ABB and IBM Partner on Latest Technology for Security Monitoring in Industrial OperationsOctober 21, 2020 by Alessandro Mascellino
The companies jointly announced last week the release of a new operational technology (OT) Security Event Monitoring Service.
The new solution connects OT data with the broader IT security environment to increase the security of systems across the entire production line.
Secure Technologies for the Automation Industry
The new partnership combines ABB’s process control system domain expertise with IBM’s security event monitoring solutions. The result is a series of products designed to counter the increasing number of cyber-attacks in the automation industry.
The two companies logos. Image courtesy of ABB.
The new OT Security Event Monitoring Service, for example, was co-developed by the two companies to streamline the transfer process of security events data from ABB to QRadar, IBM’s Security Information and Event Monitoring (SIEM) platform.
According to the firms, this would be the first time OT data and process industry domain expertise is being brought directly into a SIEM system. The move will allow IBM to manage threats to ABB’s industrial systems directly within their own infrastructures, thus optimizing the speed of reaction and effectiveness of countermeasures.
Identifying Potential Threats
IBM QRadar is a security analytics tool developed to identify threats and reduce the total alert volume. The suite enables visibility into enterprise data on both on-premises and cloud-based environments, detecting known and unknown threats and prioritizing potential incidents.
QRadar’s machine learning capabilities mean the closed-loop feedback continuously improves detection, using the time saved from automated security intelligence to find threats and automate containment processes.
A screenshot from QRadar. Image courtesy of IBM.

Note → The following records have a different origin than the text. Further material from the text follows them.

lemma hfun_minimizer_bregman_decrease:
  fixes Jps :: "('a::real_normed_vector \<Rightarrow>\<^sub>L real) \<Rightarrow> 'a"
  assumes uc: "uniformly_convex_space TYPE('a)" and p: "1 < p"
    and Jps: "\<forall>f. Jps f \<in> dual_duality_set (conj_exp p) f"
    and J: "\<forall>z. J z \<in> duality_set p z" and J_Jps: "\<forall>f. J (Jps f) = f"
    and minimal: "\<And>\<tau>. hfun p (J x) m vs \<beta> t \<le> hfun p (J x) m vs \<beta> \<tau>"
    and step: "x' = Jps (J x - (\<Sum>k=1..m. t k *\<^sub>R vs k))"
    and offsets: "\<forall>z\<in>M. \<forall>k\<in>{1..m}. blinfun_apply (vs k) z = \<beta> k"
    and k: "k \<in> {1..m}" and slope: "\<beta> k < blinfun_apply (vs k) (Jps (J x))"
  shows "\<exists>t S. 0 < S \<and> hfun p (J x) m vs \<beta> t \<le> hfun p (J x) m vs \<beta> (\<lambda>_. 0) - S
    \<and> (\<forall>z\<in>M. bregman p J x' z \<le> bregman p J x z - S)"
proof -
  obtain t' where "hfun p (J x) m vs \<beta> t' < hfun p (J x) m vs \<beta> (\<lambda>_. 0)"
    using hfun_decrease_from_zero[where \<beta> = \<beta> and vs = vs and Jx = "J x", OF uc p Jps k slope] .
  define S where "S = hfun p (J x) m vs \<beta> (\<lambda>_. 0) - hfun p (J x) m vs \<beta> t"
  have "0 < S"
    using order_le_less_trans[OF minimal \<open>hfun p (J x) m vs \<beta> t' < _\<close>]
    by (simp add: S_def)
  moreover have "bregman p J x' z \<le> bregman p J x z - S" if "z \<in> M" for z
  proof -
    have "J x' = J x - (\<Sum>k=1..m. t k *\<^sub>R vs k)"
      using J_Jps by (simp add: step)
    then have "bregman p J x' z - bregman p J x z
        = hfun p (J x) m vs \<beta> t - hfun p (J x) m vs \<beta> (\<lambda>_. 0)"
      using offsets that by (intro bregman_diff_eq_hfun_diff[where J = J, OF p J[rule_format] J[rule_format]]) auto
    then show ?thesis by (simp add: S_def)
  qed
  ultimately show ?thesis
    by (intro exI[of _ t] exI[of _ S]) (simp add: S_def)
qed
definition R_complete :: "'e::ordered_ab_group_add itself \<Rightarrow> bool" where
  "R_complete _ \<longleftrightarrow>
     (\<forall>(x::nat \<Rightarrow> 'e) y. antimono x \<and> antimono y \<and> (\<exists>z. is_inf (range (\<lambda>n. x n + y n)) z) \<longrightarrow>
         (\<exists>u. is_inf (range x) u) \<and> (\<exists>v. is_inf (range y) v)) \<and>
     (\<forall>(x::nat \<Rightarrow> 'e) y. mono x \<and> mono y \<and> (\<exists>z. is_sup (range (\<lambda>n. x n + y n)) z) \<longrightarrow>
         (\<exists>u. is_sup (range x) u) \<and> (\<exists>v. is_sup (range y) v))"

definition sublattice :: "'v::lattice set \<Rightarrow> bool" where
  "sublattice L \<longleftrightarrow> (\<forall>a\<in>L. \<forall>b\<in>L. inf a b \<in> L \<and> sup a b \<in> L)"

definition valuation :: "'v::lattice set \<Rightarrow> ('v \<Rightarrow> 'e::ordered_ab_group_add) \<Rightarrow> bool" where
  "valuation L \<phi> \<longleftrightarrow>
     (\<forall>a\<in>L. \<forall>b\<in>L. a \<le> b \<longrightarrow> \<phi> a \<le> \<phi> b) \<and>
     (\<forall>a\<in>L. \<forall>b\<in>L. \<phi> (inf a b) + \<phi> (sup a b) = \<phi> a + \<phi> b)"

definition valuation_system ::
  "'v::lattice set \<Rightarrow> ('v \<Rightarrow> 'e::ordered_ab_group_add) \<Rightarrow> bool" where
  "valuation_system L \<phi> \<longleftrightarrow>
     sigma_distributive TYPE('v) \<and> R_complete TYPE('e) \<and> sublattice L \<and> valuation L \<phi>"

definition extends :: "'v set \<Rightarrow> ('v \<Rightarrow> 'e) \<Rightarrow> 'v set \<Rightarrow> ('v \<Rightarrow> 'e) \<Rightarrow> bool" where
  "extends C \<psi> L \<phi> \<longleftrightarrow> L \<subseteq> C \<and> (\<forall>x\<in>L. \<psi> x = \<phi> x)"

definition phi_convergent ::
  "'v::lattice set \<Rightarrow> ('v \<Rightarrow> 'e::ordered_ab_group_add) \<Rightarrow> (nat \<Rightarrow> 'v) \<Rightarrow> bool" where
  "phi_convergent L \<phi> a \<longleftrightarrow>
     (\<forall>n. a n \<in> L) \<and> antimono a \<and> (\<exists>x. is_inf (range a) x) \<and> (\<exists>e. is_inf (range (\<lambda>n. \<phi> (a n))) e)"
(* Let $X,Y$ be $n\times n$ positive semidefinite complex matrices and let $Q$ be an $n\times n$ complex matrix with operator norm $\|Q\|_\infty\le 1$. Then for every $t\in(0,\infty)$, \[ 4\,|\operatorname{tr}(QXY)|\le t\,\operatorname{tr}(X^2+Y^2)+\frac{1}{t}\operatorname{tr}(XY+YX). \]
   Context: $\|Q\|_\infty$ denotes the operator (spectral) norm, i.e. the largest singular value of $Q$; $\operatorname{tr}$ denotes the trace. *)

theory Defs
  imports "HOL-Analysis.Analysis" "HOL-Library.Complex_Order"
begin

text \<open>Positive semidefinite complex matrix: v^* X v is a nonnegative real for every v
  (in the order of HOL-Library.Complex_Order, 0 \<le> z means z real and Re z \<ge> 0).\<close>
definition psd_cmat :: "complex^'n^'n \<Rightarrow> bool" where
  "psd_cmat X \<longleftrightarrow> (\<forall>v::complex^'n. 0 \<le> (\<Sum>i\<in>UNIV. cnj (v $ i) * (X *v v) $ i))"

definition op_norm :: "complex^'n^'n \<Rightarrow> real" where
  "op_norm Q = onorm (\<lambda>v::complex^'n. Q *v v)"

end

theory Submission
  imports Defs
begin

(*
  Write Y = sum_b y_b y_b^* (Cholesky elimination).  Then tr(QXY) = sum_b <Q^* y_b, X y_b>,
  and the Cauchy-Schwarz inequality for the semi-inner product <u, X v> gives
  |tr(QXY)|^2 <= tr(Q X Q^* Y) tr(XY).  As ||Q|| <= 1, the Frobenius norm of Q X Q^* is at
  most that of X, so tr(Q X Q^* Y) <= (||X||_F^2 + ||Y||_F^2)/2 = tr(X^2 + Y^2)/2.  Finally
  4 sqrt(tr(X^2 + Y^2)/2 * tr(XY)) <= t tr(X^2 + Y^2) + (2/t) tr(XY) by AM-GM, and
  tr(XY + YX) = 2 tr(XY).
*)

definition cinner :: "complex^'n \<Rightarrow> complex^'n \<Rightarrow> complex" where
  "cinner u v = (\<Sum>i\<in>UNIV. cnj (u $ i) * v $ i)"

lemma psd_cmat_iff_cinner: "psd_cmat X \<longleftrightarrow> (\<forall>v. 0 \<le> cinner v (X *v v))"
  by (simp add: psd_cmat_def cinner_def)

lemma complex_nonneg_iff: "0 \<le> (z::complex) \<longleftrightarrow> Im z = 0 \<and> 0 \<le> Re z"
  by (auto simp: less_eq_complex_def)

lemma cinner_add_left: "cinner (u + w) v = cinner u v + cinner w v"
  by (simp add: cinner_def sum.distrib distrib_right)

lemma cinner_add_right: "cinner u (v + w) = cinner u v + cinner u w"
  by (simp add: cinner_def sum.distrib distrib_left)

lemma cinner_diff_right: "cinner u (v - w) = cinner u v - cinner u w"
  by (simp add: cinner_def sum_subtractf right_diff_distrib)

lemma cinner_scale_left: "cinner (c *s u) v = cnj c * cinner u v"
  by (simp add: cinner_def sum_distrib_left mult_ac)

lemma cinner_scale_right: "cinner u (c *s v) = c * cinner u v"
  by (simp add: cinner_def sum_distrib_left mult_ac)

lemma cinner_commute: "cinner v u = cnj (cinner u v)"
  by (simp add: cinner_def mult_ac)

lemma cinner_axis_left: "cinner (axis i 1) v = v $ i"
proof -
  have "cinner (axis i 1) v = (\<Sum>k\<in>UNIV. if k = i then v $ k else 0)"
    unfolding cinner_def axis_def by (rule sum.cong) auto
  then show ?thesis by simp
qed

lemma matrix_vector_mult_axis: "(A::'a::comm_semiring_1^'n^'m) *v axis j 1 = column j A"
  by (simp add: matrix_mult_sum axis_def column_def if_distrib[of "\<lambda>x. x *s _"] cong: if_cong)

lemma cinner_mult_cnj: "cinner u v * cinner v u = of_real ((cmod (cinner u v))\<^sup>2)"
  by (metis cinner_commute complex_norm_square)

lemma matrix_entry_eq_cinner: "(A::complex^'n^'n) $ i $ j = cinner (axis i 1) (A *v axis j 1)"
  by (simp add: cinner_axis_left matrix_vector_mult_axis column_def)

lemma cinner_quadratic_expand:
  "cinner (u + c *s v) (X *v (u + c *s v)) =
     cinner u (X *v u) + c * cinner u (X *v v) + cnj c * cinner v (X *v u)
     + cnj c * c * cinner v (X *v v)"
  by (simp add: algebra_simps vector_scalar_commute cinner_add_left cinner_add_right
      cinner_scale_left cinner_scale_right)

lemma psd_cmat_quadratic_form:
  assumes "psd_cmat X"
  shows "Im (cinner v (X *v v)) = 0" and "0 \<le> Re (cinner v (X *v v))"
  using assms by (simp_all add: psd_cmat_iff_cinner complex_nonneg_iff)

text \<open>Polarization: a sesquilinear form that is real on the diagonal is Hermitian.\<close>
lemma psd_cmat_hermitian:
  assumes "psd_cmat X"
  shows "cinner v (X *v u) = cnj (cinner u (X *v v))"
proof -
  let ?B = "\<lambda>u v. cinner u (X *v v)"
  note real = psd_cmat_quadratic_form(1)[OF assms]
  have "Im (?B u v + ?B v u) = 0"
    using cinner_quadratic_expand[of u 1 v X] real[of u] real[of v] real[of "u + 1 *s v"] by simp
  moreover have "Re (?B u v - ?B v u) = 0"
    using cinner_quadratic_expand[of u \<i> v X] real[of u] real[of v] real[of "u + \<i> *s v"] by simp
  ultimately show ?thesis
    by (simp add: complex_eq_iff)
qed

lemma psd_cmat_entry_cnj: "psd_cmat X \<Longrightarrow> cnj (X $ i $ j) = X $ j $ i"
  using psd_cmat_hermitian[of X "axis j 1" "axis i 1"] by (simp add: matrix_entry_eq_cinner)

lemma psd_cmat_diagonal_nonneg: "psd_cmat X \<Longrightarrow> 0 \<le> X $ i $ i"
  by (simp add: psd_cmat_iff_cinner matrix_entry_eq_cinner)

The ABB and IBM technologies beyond QRadar are designed on open platforms to be deployed across hybrid cloud environments on private, on-premise, or public clouds. The solution is also designed so that all security processes are automated and do not hinder the execution of on-site industrial tasks.
The Radar's security analysis feature aims to speed up threat detection by operating through a unique use case library. This library automatically detects and flags incidents and activates alarms.
Developed for Industrial Automation
The combination of ABB’s SIEM and IBM’s QRadar provides domain knowledge for system engineers to react to security incidents, especially those related to process control. The solution is suited for industrial processes and is intended for applications in oil, gas, chemicals, and mining.
"We see the integration of these solutions as bringing market-leading capabilities together for a singular view of OT security,” commented Dr. Andreas Kühmichel, CTO, Chemicals, Petroleum & Industrial Products at IBM. ABB and IBM said the new system is currently being used by early adopters and will be made widely available by ABB in the next few months to further enhance industrial automation security.
“With more comprehensive OT and IT security visibility, clients can help reduce the risk of production being suddenly interrupted due to a security event, resulting in costly downtime and broader risk to the company,” Kühmichel added.
The two companies confirmed they would continue collaborating on OT security to develop new capabilities and opportunities that face customer challenges in the automation industry.